”Kuda Troya”, Terjadilah Sudah...
Berkali-kali lonjakan kasus Covid-19 terjadi usai libur panjang. Nasi sudah berkali-kali menjadi bubur. Imbasnya sudah nyata di depan mata. Masyarakat benar-benar diharapkan tidak mengabaikan disiplin protokol kesehatan.
Masa liburan Natal 2020 dan Tahun 2021 baru saja berlalu. Merujuk pengalaman beberapa libur panjang sebelumnya yang kemudian diikuti lonjakan kasus Covid-19, ada kekhawatiran hal serupa terulang. Kekhawatiran itu benar terjadi. Kasus Covid-19 melonjak tinggi di tengah bergulirnya vaksinasi massal. ”Kuda Troya”, libur akhir tahun 2020, terjadilah sudah.
Tubuh manusia ibarat Kuda Troya, saat di mana tubuh yang ternyata atau tanpa disadari telah disusupi Covid-19, kemudian menjadi wahana virus menyebar dan menyerang kesehatan kerabat. Demikian pula sebaliknya.
Ketika terjadi pergerakan massal ke berbagai penjuru daerah dibarengi dengan pengabaian disiplin protokol kesehatan, virus korona baru turut bergerak dan menyebar. Virus di dalam ”Kuda Troya” menyebar tak terkendali, baik di daerah tujuan pergerakan maupun saat kembali dari daerah tujuan.
Jumlah kasus positif Covid-19, sejak pertama kali kasus tersebut diumumkan pada 2 Maret 2020 hingga 18 Januari 2021, sebanyak 917.015 orang. Dua hari sebelumnya, pertumbuhan kasus harian sempat mencatatkan rekor tertinggi, yaitu 14.224 kasus positif.

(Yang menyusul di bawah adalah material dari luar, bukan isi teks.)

definition cost :: "real \<Rightarrow> real" where
  "cost t = integral {0..L} (\<lambda>x. (G t x)\<^sup>2 * m t x)"

definition G_mean :: "real \<Rightarrow> real" where
  "G_mean t = integral {0..L} (\<lambda>x. G t x * m t x)"

lemma duality_has_real_derivative:
  "t \<in> {0..T} \<Longrightarrow> (duality has_real_derivative duality_deriv t) (at t within {0..T})"
  unfolding duality_def[abs_def] duality_deriv_def
proof (rule has_real_derivative_integral_slice)
  fix s x assume s: "s \<in> {0..T}" and x: "x \<in> {0..L}"
  show "((\<lambda>s. u s x * m s x) has_real_derivative ut s x * m s x + u s x * mt s x) (at s within {0..T})"
    using DERIV_mult[OF ut_deriv[OF s x] mt_deriv[OF s x]] by (simp add: mult.commute)
qed (auto simp: case_prod_beta' intro!: continuous_intros product_continuity)

lemma cost_has_integral:
  assumes "t \<in> {0..T}"
  shows "((\<lambda>x. (G t x)\<^sup>2 * m t x) has_integral cost t) {0..L}"
  unfolding cost_def using slice_continuity[OF assms]
  by (intro integrable_integral integrable_continuous_interval continuous_intros) auto

lemma G_mean_has_integral:
  assumes "t \<in> {0..T}"
  shows "((\<lambda>x. G t x * m t x) has_integral G_mean t) {0..L}"
  unfolding G_mean_def using slice_continuity[OF assms]
  by (intro integrable_integral integrable_continuous_interval continuous_intros) auto

lemma G_m_ux_has_integral:
  assumes t: "t \<in> {0..T}"
  shows "((\<lambda>x. G t x * m t x * ux t x) has_integral beta t * G_mean t - 2 * cost t) {0..L}"
proof -
  have "((\<lambda>x. beta t * (G t x * m t x) - 2 * ((G t x)\<^sup>2 * m t x)) has_integral
      beta t * G_mean t - 2 * cost t) {0..L}"
    using has_integral_diff[OF has_integral_mult_right[OF G_mean_has_integral[OF t]]
        has_integral_mult_right[OF cost_has_integral[OF t]]] .
  then show ?thesis
  proof (rule has_integral_cong_interior)
    fix x
    show "G t x * m t x * ux t x = beta t * (G t x * m t x) - 2 * ((G t x)\<^sup>2 * m t x)"
      by (subst ux_eq) (simp add: power2_eq_square algebra_simps)
  qed
qed

lemma u_mt_has_integral:
  assumes t: "t \<in> {0<..<T}"
  shows "((\<lambda>x. u t x * mt t x) has_integral
    \<sigma>\<^sup>2 / 2 * integral {0..L} (\<lambda>x. m t x * uxx t x) - (beta t * G_mean t - 2 * cost t)) {0..L}"
proof -
  have tt: "t \<in> {0..T}" using t by auto
  note cont = slice_continuity[OF tt]
  define P where "P = integral {0..L} (\<lambda>x. flux t x * ux t x)"
  define Q where "Q = integral {0..L} (\<lambda>x. m t x * uxx t x)"
  have mt_u: "((\<lambda>x. mt t x * u t x) has_integral - P) {0..L}"
    unfolding P_def
    by (rule integration_by_parts_vanishing_boundary)
      (use L flux_has_real_derivative[OF t] x_derivatives_interior[OF tt] flux_boundary[OF tt] cont
        in \<open>auto intro!: continuous_intros\<close>)
  have "((\<lambda>x. mx t x * ux t x) has_integral - Q) {0..L}"
    unfolding Q_def
    by (rule integration_by_parts_vanishing_boundary)
      (use L x_derivatives_interior[OF tt] ux_boundary[OF tt] cont in \<open>auto intro!: continuous_intros\<close>)
  then have "((\<lambda>x. \<sigma>\<^sup>2 / 2 * (mx t x * ux t x) + G t x * m t x * ux t x) has_integral
      \<sigma>\<^sup>2 / 2 * (- Q) + (beta t * G_mean t - 2 * cost t)) {0..L}"
    by (intro has_integral_add has_integral_mult_right G_m_ux_has_integral tt)
  then have "((\<lambda>x. flux t x * ux t x) has_integral
      \<sigma>\<^sup>2 / 2 * (- Q) + (beta t * G_mean t - 2 * cost t)) {0..L}"
    by (simp add: flux_def algebra_simps)
  then have "P = \<sigma>\<^sup>2 / 2 * (- Q) + (beta t * G_mean t - 2 * cost t)"
    unfolding P_def by (rule integral_unique)
  with mt_u show ?thesis by (simp add: Q_def algebra_simps)
qed

lemma duality_deriv_eq:
  assumes t: "t \<in> {0<..<T}"
  shows "duality_deriv t = r * duality t + cost t - beta t * G_mean t"
proof -
  have tt: "t \<in> {0..T}" using t by auto
  note cont = slice_continuity[OF tt]
  define Q where "Q = integral {0..L} (\<lambda>x. m t x * uxx t x)"
  have "((\<lambda>x. u t x * m t x) has_integral duality t) {0..L}"
    unfolding duality_def using cont
    by (intro integrable_integral integrable_continuous_interval continuous_intros)
  moreover have "((\<lambda>x. m t x * uxx t x) has_integral Q) {0..L}"
    unfolding Q_def using cont
    by (intro integrable_integral integrable_continuous_interval continuous_intros)
  ultimately have "((\<lambda>x. (- \<sigma>\<^sup>2 / 2) * (m t x * uxx t x) + r * (u t x * m t x)
      - (G t x)\<^sup>2 * m t x + u t x * mt t x) has_integral
      (- \<sigma>\<^sup>2 / 2) * Q + r * duality t - cost t + (\<sigma>\<^sup>2 / 2 * Q - (beta t * G_mean t - 2 * cost t)))
      {0..L}"
    using u_mt_has_integral[OF t] cost_has_integral[OF tt] unfolding Q_def
    by (intro has_integral_add has_integral_diff has_integral_mult_right)
  then have "((\<lambda>x. (- \<sigma>\<^sup>2 / 2) * (m t x * uxx t x) + r * (u t x * m t x)
      - (G t x)\<^sup>2 * m t x + u t x * mt t x) has_integral
      r * duality t + cost t - beta t * G_mean t) {0..L}"
    by (simp add: algebra_simps)
  then have "((\<lambda>x. ut t x * m t x + u t x * mt t x) has_integral
      r * duality t + cost t - beta t * G_mean t) {0..L}"
  proof (rule has_integral_cong_interior)
    fix x assume x: "x \<in> {0<..<L}"
    show "ut t x * m t x + u t x * mt t x = (- \<sigma>\<^sup>2 / 2) * (m t x * uxx t x)
        + r * (u t x * m t x) - (G t x)\<^sup>2 * m t x + u t x * mt t x"
      unfolding ut_eq[OF t x] by (simp add: algebra_simps)
  qed
  then show ?thesis unfolding duality_deriv_def by (rule integral_unique)
qed

lemma ux_m_has_integral:
  assumes t: "t \<in> {0..T}"
  shows "((\<lambda>x. ux t x * m t x) has_integral beta t - 2 * G_mean t) {0..L}"
proof -
  have "((\<lambda>x. beta t * m t x - 2 * (G t x * m t x)) has_integral beta t * 1 - 2 * G_mean t) {0..L}"
    using has_integral_diff[OF has_integral_mult_right[OF m_has_integral_1[OF t]]
        has_integral_mult_right[OF G_mean_has_integral[OF t]]] .
  then have "((\<lambda>x. beta t * m t x - 2 * (G t x * m t x)) has_integral beta t - 2 * G_mean t) {0..L}"
    by simp
  then show ?thesis
  proof (rule has_integral_cong_interior)
    fix x
    show "ux t x * m t x = beta t * m t x - 2 * (G t x * m t x)"
      by (subst ux_eq) (simp add: algebra_simps)
  qed
qed

lemma beta_fixed_point:
  assumes t: "t \<in> {0..T}"
  shows "beta t = bcoef \<epsilon> + ccoef \<epsilon> * (beta t - 2 * G_mean t)"
proof -
  have "beta t = bcoef \<epsilon> + ccoef \<epsilon> * integral {0..L} (\<lambda>y. ux t y * m t y)"
    by (rule beta_def)
  then show ?thesis
    by (simp only: integral_unique[OF ux_m_has_integral[OF t]])
qed

text \<open>Because \<open>bcoef \<epsilon> + ccoef \<epsilon> = 1\<close>, the fixed point relation says
  \<open>bcoef \<epsilon> * beta = bcoef \<epsilon> - 2 * ccoef \<epsilon> * G_mean\<close>.\<close>

lemma beta_G_mean_le:
  assumes t: "t \<in> {0..T}"
  shows "beta t * G_mean t \<le> G_mean t"
proof -
  have bc: "bcoef \<epsilon> + ccoef \<epsilon> = 1" "0 < bcoef \<epsilon>" "0 \<le> ccoef \<epsilon>"
    using eps by (auto simp: bcoef_def ccoef_def add_divide_distrib[symmetric])
  have "beta t * G_mean t * bcoef \<epsilon> = G_mean t * bcoef \<epsilon> - 2 * ccoef \<epsilon> * (G_mean t)\<^sup>2"
    using beta_fixed_point[OF t] bc(1) by algebra
  also have "\<dots> \<le> G_mean t * bcoef \<epsilon>" using bc(3) by simp
  finally show ?thesis using bc(2) by (simp add: mult_le_cancel_right)
qed

lemma G_mean_le:
  assumes t: "t \<in> {0..T}"
  shows "2 * G_mean t \<le> cost t + 1"
proof -
  have "G_mean t \<le> (cost t + 1) / 2"
  proof (rule has_integral_le[OF G_mean_has_integral[OF t]])
    show "((\<lambda>x. ((G t x)\<^sup>2 * m t x + m t x) / 2) has_integral (cost t + 1) / 2) {0..L}"
      by (intro has_integral_divide has_integral_add cost_has_integral m_has_integral_1 t)
    fix x assume x: "x \<in> {0..L}"
    have "0 \<le> (G t x - 1)\<^sup>2 * m t x / 2" using m_nonneg[OF t x] by simp
    then show "G t x * m t x \<le> ((G t x)\<^sup>2 * m t x + m t x) / 2"
      by (simp add: power2_eq_square algebra_simps)
  qed
  then show ?thesis by simp
qed

lemma cost_le:
  assumes t: "t \<in> {0<..<T}"
  shows "cost t \<le> 2 * duality_deriv t + 1"
proof -
  have tt: "t \<in> {0..T}" using t by auto
  have "0 \<le> duality t"
    unfolding duality_def using slice_continuity[OF tt] u_nonneg[OF tt] m_nonneg[OF tt]
    by (intro integral_nonneg integrable_continuous_interval continuous_intros) auto
  then have "0 \<le> r * duality t" using r by simp
  then show ?thesis
    using duality_deriv_eq[OF t] beta_G_mean_le[OF tt] G_mean_le[OF tt] by linarith
qed

lemma cost_continuous: "continuous_on {0..T} cost"
  unfolding cost_def[abs_def]
  by (intro continuous_on_integral_slice) (simp add: case_prod_beta' continuous_intros G_continuous product_continuity)

lemma duality_deriv_continuous: "continuous_on {0..T} duality_deriv"
  unfolding duality_deriv_def[abs_def]
  by (intro continuous_on_integral_slice) (simp add: case_prod_beta' continuous_intros product_continuity)

lemma integral_cost_le:
  assumes U: "\<And>x. x \<in> {0..L} \<Longrightarrow> uT x \<le> U"
  shows "integral {0..T} cost \<le> 2 * U + T"
proof -
  have "(duality_deriv has_integral duality T - duality 0) {0..T}"
    using T duality_has_real_derivative
    by (intro fundamental_theorem_of_calculus) (auto simp: has_real_derivative_iff_has_vector_derivative[symmetric])
  then have "((\<lambda>t. 2 * duality_deriv t + 1) has_integral 2 * (duality T - duality 0) + T) {0..T}"
    using has_integral_const_real[of "1::real" 0 T] T by (intro has_integral_add has_integral_mult_right) auto
  moreover have "cost t \<le> 2 * duality_deriv t + 1" if "t \<in> {0..T}" for t
    by (rule continuous_le_on_Icc_from_Ioo[OF cost_continuous _ T cost_le that])
      (intro continuous_intros duality_deriv_continuous)
  ultimately have "integral {0..T} cost \<le> 2 * (duality T - duality 0) + T"
    by (rule has_integral_le[OF integrable_integral[OF integrable_continuous_interval[OF cost_continuous]]])
  also have "\<dots> \<le> 2 * U + T"
  proof -
    have "0 \<le> duality 0"
      unfolding duality_def using slice_continuity[of 0] T u_nonneg m_nonneg
      by (intro integral_nonneg integrable_continuous_interval continuous_intros) auto
    moreover have "duality T \<le> U"
    proof -
      have "duality T \<le> integral {0..L} (\<lambda>x. U * m T x)"
        unfolding duality_def using slice_continuity[of T] T u_terminal U m_nonneg[of T]
        by (intro integral_le integrable_continuous_interval continuous_intros) (auto intro: mult_right_mono)
      also have "\<dots> = U"
        using mass_conserved[of T] T by simp
      finally show ?thesis .
    qed
    ultimately show ?thesis by simp
  qed
  finally show ?thesis .
qed

subsection \<open>The entropy estimate\<close>

definition entropy :: "real \<Rightarrow> real" where
  "entropy t = integral {0..L} (\<lambda>x. entropy_fun (m t x))"

definition entropy_deriv :: "real \<Rightarrow> real" where
  "entropy_deriv t = integral {0..L} (\<lambda>x. ln (m t x + 1) * mt t x)"

definition fisher :: "real \<Rightarrow> real" where
  "fisher t = integral {0..L} (\<lambda>x. (mx t x)\<^sup>2 / (m t x + 1))"

lemma m_plus_one_pos: "t \<in> {0..T} \<Longrightarrow> x \<in> {0..L} \<Longrightarrow> 0 < m t x + 1"
  using m_nonneg[of t x] by simp

lemma m_plus_one_neq_0: "t \<in> {0..T} \<Longrightarrow> x \<in> {0..L} \<Longrightarrow> m t x + 1 \<noteq> 0"
  using m_plus_one_pos[of t x] by simp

Kondisi saat ini, sebagian dari total 951 rumah sakit dengan 50.942 tempat tidur isolasi dan ICU yang menjadi rujukan Covid-19 menunjukkan tingkat keterisian (BOR) tempat tidur yang cukup tinggi. Terdapat 11 provinsi dengan BOR lebih dari ambang batas Organisasi Kesehatan Dunia (WHO) sebesar 60 persen, antara lain DKI Jakarta (83 persen), Banten (79 persen), DI Yogyakarta (78 persen), Jawa Barat (73 persen), dan Jawa Timur (69 persen).

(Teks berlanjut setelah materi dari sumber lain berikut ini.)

(* Under the hypotheses of the previous setting — $f\in C^2(0,\infty)$ with $f'>0$, $(u,m)$ a classical solution ($u\in C^3$, $m\in C^2$) of $-u_t+\frac12u_x^2=f(m)$, $m_t-(mu_x)_x=0$ in $\mathbb R\times(0,T)$ with $m>0$ and $u_x$ of at most linear growth, $m_0=m(\cdot,0)$, and $\gamma$ the solution of $\gamma_t(x,t)=-u_x(\gamma(x,t),t)$, $\gamma(x,0)=x$ — the function $v(x,t)=f(m(\gamma(x,t),t))$ satisfies $$-\Big(\frac{v_x}{\gamma_x}\Big)_x-\Big(\frac{\gamma_x^2}{m_0f'(m_0/\gamma_x)}v_t\Big)_t=0\qquad\text{in }\mathbb R\times(0,T).$$ In particular, if $f(m)=m^\theta$ ($\theta>0$), then $-\big(\frac{v_x}{\gamma_x}\big)_x-\big(\frac{\gamma_x}{\theta v}v_t\big)_t=0$, equivalently $-v_{tt}-\frac{\theta v}{\gamma_x^2}v_{xx}+v_x\frac{\theta v}{\gamma_x^3}\gamma_{xx}+\frac{\theta+1}{\theta}v^{-1}v_t^2=0$; and if $f(m)=\log m$, then $-\big(\frac{v_x}{\gamma_x}\big)_x-(\gamma_xv_t)_t=0$. *)

theory Defs
  imports "HOL-Analysis.Analysis"
begin

definition dx :: "(real \<Rightarrow> real \<Rightarrow> real) \<Rightarrow> real \<Rightarrow> real \<Rightarrow> real" where
  "dx g x t = deriv (\<lambda>y. g y t) x"

definition dt :: "(real \<Rightarrow> real \<Rightarrow> real) \<Rightarrow> real \<Rightarrow> real \<Rightarrow> real" where
  "dt g x t = deriv (\<lambda>s. g x s) t"
(* Let $(M,d)$ be a compact metric space, $\mu$ a probability measure on $M$, $k:M\times M\to[0,1]$ a measurable kernel, $M^s\subseteq M$ a measurable set, and $\rho>0$. Then there exists a unique measurable map $v^*:M\to[0,1]$ such that $v^*(x)=1$ for all $x\in M^s$ and, for all $x\in M\setminus M^s$, $$v^*(x)=\frac{\int_{M^s}k(x,y)\,d\mu(y)+\int_{M\setminus M^s}v^*(y)k(x,y)\,d\mu(y)}{\rho+\int_M k(x,y)\,d\mu(y)}.$$ *)

theory Defs
  imports "HOL-Probability.Probability"
begin

end

theory Submission
  imports Defs
begin

text \<open>Write \<open>T\<close> for the right-hand side of the equation, viewed as an operator on measurable
  functions \<open>M \<rightarrow> [0,1]\<close> (\<open>T v = 1\<close> on \<open>M\<^sup>s\<close>). \<open>T\<close> is monotone, so its iterates from \<open>0\<close>
  increase to a function \<open>v\<^sup>*\<close>, and dominated convergence shows \<open>T v\<^sup>* = v\<^sup>*\<close>. Since
  \<open>|T v - T w| \<le> K/(\<rho> + K) \<cdot> sup |v - w|\<close> with \<open>K = \<integral> k(x,y) d\<mu>(y) \<le> \<mu>(M)\<close>, \<open>T\<close> is a
  contraction for the supremum distance and the fixed point is unique.\<close>

lemma bounded_eq_zero_if_contracting:
  fixes f :: "'a \<Rightarrow> real"
  assumes bdd: "bdd_above (range (\<lambda>x. \<bar>f x\<bar>))"
    and q: "q < 1"
    and contracting: "\<And>x S. (\<And>y. \<bar>f y\<bar> \<le> S) \<Longrightarrow> \<bar>f x\<bar> \<le> q * S"
  shows "f x = 0"
proof -
  define S where "S = (SUP y. \<bar>f y\<bar>)"
  have le_S: "\<bar>f y\<bar> \<le> S" for y
    unfolding S_def using bdd by (rule cSUP_upper[OF UNIV_I])
  have "S \<le> q * S"
    unfolding S_def by (rule cSUP_least) (use contracting le_S S_def in auto)
  then have "(1 - q) * S \<le> 0"
    by (simp add: algebra_simps)
  then have "S \<le> 0"
    using q by (simp add: mult_le_0_iff)
  then show ?thesis
    using le_S[of x] by simp
qed

locale absorption_equation = finite_measure \<mu> for \<mu> :: "'a measure" +
  fixes k :: "'a \<Rightarrow> 'a \<Rightarrow> real" and Ms :: "'a set" and \<rho> :: real
  assumes space_eq: "space \<mu> = UNIV"
    and kernel_measurable[measurable]: "(\<lambda>(x, y). k x y) \<in> borel_measurable (\<mu> \<Otimes>\<^sub>M \<mu>)"
    and kernel_nonneg: "0 \<le> k x y"
    and kernel_le_one: "k x y \<le> 1"
    and sets_Ms[measurable]: "Ms \<in> sets \<mu>"
    and rho_pos: "0 < \<rho>"
begin

lemma kernel_measurable_right[measurable]: "k x \<in> borel_measurable \<mu>"
  using measurable_Pair2[OF kernel_measurable, of x] space_eq by simp

lemma measurable_mult_kernel:
  assumes "g \<in> borel_measurable \<mu>"
  shows "(\<lambda>y. g y * k x y) \<in> borel_measurable \<mu>"
  using assms kernel_measurable_right by (rule borel_measurable_times)

definition candidate :: "('a \<Rightarrow> real) \<Rightarrow> bool" where
  "candidate v \<longleftrightarrow> v \<in> borel_measurable \<mu> \<and> (\<forall>x. 0 \<le> v x \<and> v x \<le> 1)"

definition kernel_integral :: "('a \<Rightarrow> real) \<Rightarrow> 'a \<Rightarrow> real" where
  "kernel_integral g x = (LINT y|\<mu>. g y * k x y)"

definition absorb :: "('a \<Rightarrow> real) \<Rightarrow> 'a \<Rightarrow> real" where
  "absorb v y = (if y \<in> Ms then 1 else v y)"

definition step :: "('a \<Rightarrow> real) \<Rightarrow> 'a \<Rightarrow> real" where
  "step v x = (if x \<in> Ms then 1
     else kernel_integral (absorb v) x / (\<rho> + kernel_integral (\<lambda>_. 1) x))"

lemma candidate_const: "0 \<le> c \<Longrightarrow> c \<le> 1 \<Longrightarrow> candidate (\<lambda>_. c)"
  by (simp add: candidate_def)

lemma candidate_absorb: "candidate v \<Longrightarrow> candidate (absorb v)"
  unfolding candidate_def absorb_def by auto

lemma integrable_mult_kernel:
  assumes "candidate g"
  shows "integrable \<mu> (\<lambda>y. g y * k x y)"
proof (rule integrable_const_bound[where B = 1])
  show "(\<lambda>y. g y * k x y) \<in> borel_measurable \<mu>"
    using assms by (simp add: candidate_def measurable_mult_kernel)
  show "AE y in \<mu>. norm (g y * k x y) \<le> 1"
    using assms kernel_nonneg kernel_le_one by (auto simp: candidate_def intro!: mult_le_one)
qed

lemma kernel_integral_mono:
  assumes "candidate g" "candidate h" "\<And>y. g y \<le> h y"
  shows "kernel_integral g x \<le> kernel_integral h x"
  unfolding kernel_integral_def
  using assms kernel_nonneg by (intro integral_mono integrable_mult_kernel mult_right_mono) auto

lemma kernel_integral_nonneg: "candidate g \<Longrightarrow> 0 \<le> kernel_integral g x"
  unfolding kernel_integral_def candidate_def using kernel_nonneg by simp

”Puncak lonjakan kasus Covid-19 diperkirakan terjadi pada pekan ketiga Januari-pekan pertama Februari 2021. Karena itu, antisipasi menghadapi lonjakan kasus akibat libur Natal dan Tahun Baru tersebut perlu disiapkan dengan baik,” kata Wakil Menteri Kesehatan Dante Saksono Harbuwono, Senin lalu (Kompas, 18 Januari 2021).
Puncak lonjakan kasus Covid-19 diperkirakan terjadi pada pekan ketiga Januari-pekan pertama Februari 2021. Karena itu, antisipasi menghadapi lonjakan kasus akibat libur Natal dan Tahun Baru tersebut perlu disiapkan dengan baik.
Baca juga: Antisipasi Lonjakan Covid-19 yang Diperkirakan hingga Februari
Tak berlebihan kiranya ketika jauh sebelum libur Natal dan Tahun Baru muncul suara-suara untuk mewaspadai potensi lonjakan kasus Covid-19 sebagai imbas libur akhir tahun. Jika tidak terpaksa atau dituntut tugas kewajiban yang tak dapat ditinggalkan, masyarakat diminta menunda dulu bepergian di tengah pandemi Covid-19.
Namun, ketika mereka terpaksa harus bepergian, baik menggunakan transportasi umum maupun kendaraan pribadi, warga dianjurkan selalu menerapkan protokol kesehatan. Sebuah ajakan manusiawi menimbang ancaman bahaya Covid-18 yang telah menimbulkan kepayahan para tenaga kesehatan, mengakibatkan kesakitan, bahkan kematian.
Baca juga: Robohnya Fasilitas Kesehatan Kita
Sepercik asa kesadaran
Awal pekan ini Kementerian Perhubungan baru saja merilis data mobilitas orang di periode Natal 2020 dan Tahun Baru 2021. Terlihat ada penurunan pergerakan orang dibandingkan periode sama tahun lalu.
Merujuk data Posko Natal dan Tahun Baru yang dihimpun dari 18 Desember 2020 hingga 4 Januari 2020, penurunan jumlah penumpang angkutan umum tersebut terjadi di semua moda transportasi. Jumlah penumpang angkutan bus turun 59,87 persen, yakni dari 2.127.971 penumpang pada Natal 2019 dan Tahun Baru 2020 menjadi hanya 853.970 penumpang di Natal 2020 dan Tahun Baru 2021.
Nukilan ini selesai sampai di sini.